A gasp. “I don't believe you!”

“I found the body, Darnelle.”

She began to weep again, but not with the same urgency as the tears she'd cried over her son.

“Darnelle, do you think Ezra killed Celeste?”

“Don't know don't know don't know but she's dead and Clayton's gonna be too if they run him off so please…”

Her fingers reached through the chain link fence in supplication. Moved, I covered them with my own. Hers were cold. “Tell Clayton I'll help. That I'll…” I thought fast. “That I'll find a place where he'll be safe.”

“When? Prophet Shupe says Josie and me got to go up with him to Second Zion next Monday and that's…that's the day before Clayton turns eighteen and if you can't do something before then…” Her voice rose to a wail.

I tried to shush her, but Darnelle was beyond caution. As her wails continued, frightened nightbirds took flight. It wouldn't be long before she woke the people in the house.

“Lower your voice,” I cautioned. “I'll pick Clayton up tomorrow at the work site. What does he look like?”

“Dark-haired like me.
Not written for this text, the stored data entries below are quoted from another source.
theorem theorem3p1:
  fixes A :: "'a set" and z :: 'a and p :: real
    and \<alpha>s :: "nat \<Rightarrow> nat \<Rightarrow> 'a" and \<alpha> :: "nat \<Rightarrow> 'a"
  assumes "infinite A" and "z \<in> A" and "1 \<le> p"
    and "\<And>n. 1 \<le> n \<Longrightarrow> inN A (\<alpha>s n)"
    and "inN A \<alpha>"
  shows "((\<forall>q\<ge>1. \<not> (\<forall>k\<ge>q. \<alpha> k = \<alpha> q)) \<longrightarrow>
           (((\<lambda>n. lp_norm p (A - {z}) (\<lambda>c. pmap (\<alpha>s n) c - pmap \<alpha> c)) \<longlonglongrightarrow> 0)
            \<longleftrightarrow> ((\<lambda>n. dN (\<alpha>s n) \<alpha>) \<longlonglongrightarrow> 0)))
       \<and> (\<forall>n0 a b. 2 \<le> n0 \<and> a \<in> A \<and> b \<in> A \<and> a \<noteq> b \<and> \<alpha> n0 = a
               \<and> (\<forall>k>n0. \<alpha> k = b) \<longrightarrow>
           (((\<lambda>n. lp_norm p (A - {z}) (\<lambda>c. pmap (\<alpha>s n) c - pmap \<alpha> c)) \<longlonglongrightarrow> 0)
            \<longleftrightarrow> (\<forall>m. m > n0 + 1 \<longrightarrow> (\<exists>lm\<ge>1. \<forall>l\<ge>lm.
                  ((\<forall>i. 1 \<le> i \<and> i \<le> n0 - 1 \<longrightarrow> \<alpha>s l i = \<alpha> i) \<and> \<alpha>s l n0 = a
                     \<and> (\<forall>i. n0 + 1 \<le> i \<and> i \<le> m \<longrightarrow> \<alpha>s l i = b))
                \<or> ((\<forall>i. 1 \<le> i \<and> i \<le> n0 - 1 \<longrightarrow> \<alpha>s l i = \<alpha> i) \<and> \<alpha>s l n0 = b
                     \<and> (\<forall>i. n0 + 1 \<le> i \<and> i \<le> m \<longrightarrow> \<alpha>s l i = a))))))"
  apply (intro conjI impI allI)
  subgoal by (rule lp_tendsto_zero_iff_dN_tendsto_zero[OF assms(3-5)]) auto
  subgoal premises hyps for n0 a b
  proof -
    from hyps have "1 \<le> n0" "a \<noteq> b" and \<alpha>: "tail_word \<alpha> n0 a b = \<alpha>"
      by (auto simp: tail_word_def)
    have prefix_iff: "prefix_eq m v (tail_word \<alpha> n0 c d) \<longleftrightarrow>
        (\<forall>i. 1 \<le> i \<and> i \<le> n0 - 1 \<longrightarrow> v i = \<alpha> i) \<and> v n0 = c
          \<and> (\<forall>i. n0 + 1 \<le> i \<and> i \<le> m \<longrightarrow> v i = d)"
      if "n0 + 1 < m" for m v c d
      using prefix_eq_tail_word_iff[of n0 m v \<alpha> c d] \<open>1 \<le> n0\<close> that by (simp add: prefix_eq_def)
    have "((\<lambda>n. lp_norm p (A - {z}) (\<lambda>c. pmap (\<alpha>s n) c - pmap \<alpha> c)) \<longlonglongrightarrow> 0) \<longleftrightarrow>
        (\<forall>m>n0 + 1. eventually (\<lambda>l. prefix_eq m (\<alpha>s l) (tail_word \<alpha> n0 a b)
          \<or> prefix_eq m (\<alpha>s l) (tail_word \<alpha> n0 b a)) sequentially)"
      using lp_tendsto_zero_iff_eventually_prefix_eq_tail_word[of p A \<alpha>s \<alpha> n0 a b z]
        assms(3-5) \<open>1 \<le> n0\<close> \<open>a \<noteq> b\<close> by (simp add: \<alpha>)
    then show ?thesis
      by (simp add: prefix_iff eventually_sequentially_from_1)
  qed
  done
And he…he's the smallest of them in the work gang, smaller even than those two fourteen-year olds.”

“Tell him what I look like and to be on the alert for me, and to do whatever I say. And tell him, if he can, to be either the first or the last person to come out of the van when it gets to the work site. That'll give me the best chance of getting his attention without anyone noticing. Have him look for a white Toyota pickup. And I'll be wearing…” I thought for a moment. The polygamists had seen me as a blonde, and also in my mouse-brown wig. “I'll wear a red wig.”
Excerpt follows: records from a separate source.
text \<open>Mori cone (closed cone of curves) inside L_ext tensor R, via
C |-> (D_rho . C): by Kleiman duality it is the dual of the nef cone.\<close>
definition mori_ext ::
  "'r set \<Rightarrow> ('r \<Rightarrow> int^'n) \<Rightarrow> 'r set set \<Rightarrow> 'i set \<Rightarrow> ('r \<Rightarrow> 'i) \<Rightarrow> ('r + 'i \<Rightarrow> real) set" where
  "mori_ext R v Sig I prt = {l \<in> LextR R v I prt.
      \<forall>a. nef_div R v Sig a \<longrightarrow> (\<Sum>\<rho>\<in>R. a \<rho> * l (Inl \<rho>)) \<ge> 0}"

type_synonym 'r cpoly = "('r \<Rightarrow>\<^sub>0 nat) \<Rightarrow>\<^sub>0 complex"

definition pvar :: "'r \<Rightarrow> 'r cpoly" where
  "pvar \<rho> = Poly_Mapping.single (Poly_Mapping.single \<rho> 1) 1"

definition pconst :: "complex \<Rightarrow> 'r cpoly" where
  "pconst c = Poly_Mapping.single 0 c"

definition ideal_gen :: "'a::comm_ring_1 set \<Rightarrow> 'a set" where
  "ideal_gen G = {p. \<exists>F c. finite F \<and> F \<subseteq> G \<and> p = (\<Sum>g\<in>F. c g * g)}"

text \<open>A polynomial in the D_rho represents 0 in H(X,C) iff it lies in this ideal.\<close>
definition coh_ideal :: "'r set \<Rightarrow> ('r \<Rightarrow> int^'n) \<Rightarrow> 'r set set \<Rightarrow> 'r cpoly set" where
  "coh_ideal R v Sig = ideal_gen
     ({\<Prod>\<rho>\<in>S. pvar \<rho> | S. S \<subseteq> R \<and> S \<notin> Sig}
      \<union> range (\<lambda>k. \<Sum>\<rho>\<in>R. pconst (of_int (v \<rho> $ k)) * pvar \<rho>))"

text \<open>Substituting a nilpotent class p (of degree \<ge> 1) into the Taylor expansion at 0
of f; terms of degree > N = dim X vanish in cohomology, so we truncate there.\<close>
definition nil_subst :: "nat \<Rightarrow> (complex \<Rightarrow> complex) \<Rightarrow> 'r cpoly \<Rightarrow> 'r cpoly" where
  "nil_subst N f p = (\<Sum>k\<le>N. pconst ((deriv ^^ k) f 0 / fact k) * p ^ k)"

definition Dzero :: "'r set \<Rightarrow> ('r \<Rightarrow> 'i) \<Rightarrow> 'i \<Rightarrow> 'r cpoly" where
  "Dzero R prt i = - (\<Sum>\<rho>\<in>{\<rho>\<in>R. prt \<rho> = i}. pvar \<rho>)"

definition Ocal ::
  "'r set \<Rightarrow> ('r \<Rightarrow> int^'n) \<Rightarrow> 'i set \<Rightarrow> ('r \<Rightarrow> 'i) \<Rightarrow> ('r + 'i \<Rightarrow> complex)
   \<Rightarrow> ('r + 'i \<Rightarrow> int) \<Rightarrow> 'r cpoly" where
  "Ocal R v I prt \<alpha> l =
     (\<Prod>i\<in>I. nil_subst CARD('n)
        (\<lambda>z. Gamma (z + \<alpha> (Inr i) + 1) * rGamma (z + of_int (l (Inr i)) + \<alpha> (Inr i) + 1))
        (Dzero R prt i))
   * (\<Prod>\<rho>\<in>R. nil_subst CARD('n)
        (\<lambda>z. rGamma (z + of_int (l (Inl \<rho>)) + \<alpha> (Inl \<rho>) + 1)) (pvar \<rho>))"

definition alpha0 :: "'r + 'i \<Rightarrow> complex" where
  "alpha0 j = (case j of Inl _ \<Rightarrow> 0 | Inr _ \<Rightarrow> - 1/2)"

end

theory Submission
  imports Defs
begin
At this assurance, some vestige of sense crept back into Darnelle's panicked eyes and her sobs diminished. “But I don't know where Clayton's gonna be working. Like I was tellin' you, the men don't tell me nothing.”

“I'll follow the work van.”

In a sensible world, no one would mind if I took custody of a boy who was due to be dumped onto the streets, anyway, but the polygamists' world wasn't a sensible world; they were all about control. Sometimes there was a good reason for such control, too. Boys dumped too close to the compounds might find their way back. Look at what had happened to Jonah. Living in a city so near his mother had led to him being a murder suspect. Not that the polygamists cared about a lost boy's welfare, but Prophet Shupe probably cared plenty about the attention Celeste's death had garnered. It hit me then that Shupe was punishing Ezra because he'd been foolish enough to expel Jonah only a few miles from the Scottsdale compound instead of driving him up to Flagstaff or down to Tucson.

Ezra wouldn't make that mistake again. Clayton was probably destined for Flagstaff, or maybe even Salt Lake City. In the meantime, Prophet Shupe would pocket yet another paycheck for the boy's illegal labors.

My promise to save Clayton calmed Darnelle further, so I pressed her again about Ezra's possible role in Celeste's murder. “Did she do anything to anger Ezra? Besides the slow shopping problems?”

“I don't know.”

But Rosella had told me that Celeste had frequently taken her side against the all-powerful Prophet so why would the woman act less rebellious against the less powerful Ezra? When I mentioned my doubts, Darnelle shook her head.

“Celeste always did everything Brother Ezra told her to do. Even that shopping thing, she said she didn't realize how long she was taking, that she'd just got caught up reading all those different labels. And that she was sorry. The only person who stayed mad over it was Opal.”

I wasn't ready yet to narrow the suspects to Opal. “Is it possible something was going on between Celeste and Ezra that you didn't see?”

“Them walls is pretty thin, Miss Jones. If there was a fight, I'd know it. Besides, nobody fights with Brother Ezra. Not if they don't want to get beat up.”

“It didn't have to be an actual fight, just something that might make Ezra lose his temper and maybe hit her harder than he usually did.” According to Rosella, Celeste had been so sympathetic to her sister-wives she'd helped a few escape from Second Zion. A possibility occurred to me. “Did you confide your worries about Clayton to Celeste?”